#### [Activity]
Starting at the top of the entries below, set down every line exactly, please, until you reach the line with "using \<open>\<not> \<theta>'", which is included too.
# # # # #
lemma decays_at_most_at_least_le:
  fixes f :: "'a::euclidean_space \<Rightarrow> real"
  assumes "decays_at_most f \<theta>" "decays_at_least f \<theta>'"
  shows "\<theta>' \<le> \<theta>"
proof (rule ccontr)
  assume "\<not> \<theta>' \<le> \<theta>"
  obtain c where c: "c > 0" "\<forall>\<^sub>F x in at_infinity. c * norm x powr (-\<theta>) \<le> f x"
    using assms(1) by (auto simp: decays_at_most_def)
  obtain C where C: "C > 0" "\<forall>\<^sub>F x in at_infinity. f x \<le> C * norm x powr (-\<theta>')"
    using assms(2) by (auto simp: decays_at_least_def)
  have "\<forall>\<^sub>F x::'a in at_infinity. C / c < norm x powr (\<theta>' - \<theta>)"
    using \<open>\<not> \<theta>' \<le> \<theta>\<close> by (intro eventually_at_infinity_norm_powr_gt) simp
  with c(2) C(2) eventually_at_infinity_norm_ge[of 1]
  have "\<forall>\<^sub>F x::'a in at_infinity. False"
  proof eventually_elim
    case (elim x)
    have "norm x powr (\<theta>' - \<theta>) * norm x powr (-\<theta>') = norm x powr (-\<theta>)"
      by (simp add: powr_add[symmetric])
    then have "c * norm x powr (\<theta>' - \<theta>) * norm x powr (-\<theta>') \<le> C * norm x powr (-\<theta>')"
      using elim by (simp add: mult.assoc)
    moreover have "0 < norm x powr (-\<theta>')" using elim by auto
    ultimately have "c * norm x powr (\<theta>' - \<theta>) \<le> C" by (simp add: mult_le_cancel_right_pos)
    then show False using elim c(1) by (simp add: field_simps)
  qed
  then show False using at_infinity_euclidean_neq_bot[where 'a='a] by (simp add: eventually_False)
qed

lemma bounded_imp_decays_at_least_0:
  assumes "bounded (range f)"
  shows "decays_at_least f 0"
proof -
  obtain M where M: "\<And>x. norm (f x) \<le> M" using assms by (auto simp: bounded_iff)
  have bound: "f x \<le> max M 1 * norm x powr (-0)" if "1 \<le> norm x" for x
    using M[of x] that by auto
  have "\<forall>\<^sub>F x in at_infinity. f x \<le> max M 1 * norm x powr (-0)"
    by (rule eventually_mono[OF eventually_at_infinity_norm_ge[of 1]]) (rule bound)
  then show ?thesis unfolding decays_at_least_def by (intro exI[of _ "max M 1"]) auto
qed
# # # # #
#### [Result]
lemma decays_at_most_at_least_le:
  fixes f :: "'a::euclidean_space \<Rightarrow> real"
  assumes "decays_at_most f \<theta>" "decays_at_least f \<theta>'"
  shows "\<theta>' \<le> \<theta>"
proof (rule ccontr)
  assume "\<not> \<theta>' \<le> \<theta>"
  obtain c where c: "c > 0" "\<forall>\<^sub>F x in at_infinity. c * norm x powr (-\<theta>) \<le> f x"
    using assms(1) by (auto simp: decays_at_most_def)
  obtain C where C: "C > 0" "\<forall>\<^sub>F x in at_infinity. f x \<le> C * norm x powr (-\<theta>')"
    using assms(2) by (auto simp: decays_at_least_def)
  have "\<forall>\<^sub>F x::'a in at_infinity. C / c < norm x powr (\<theta>' - \<theta>)"
    using \<open>\<not> \<theta>' \<le> \<theta>\<close> by (intro eventually_at_infinity_norm_powr_gt) simp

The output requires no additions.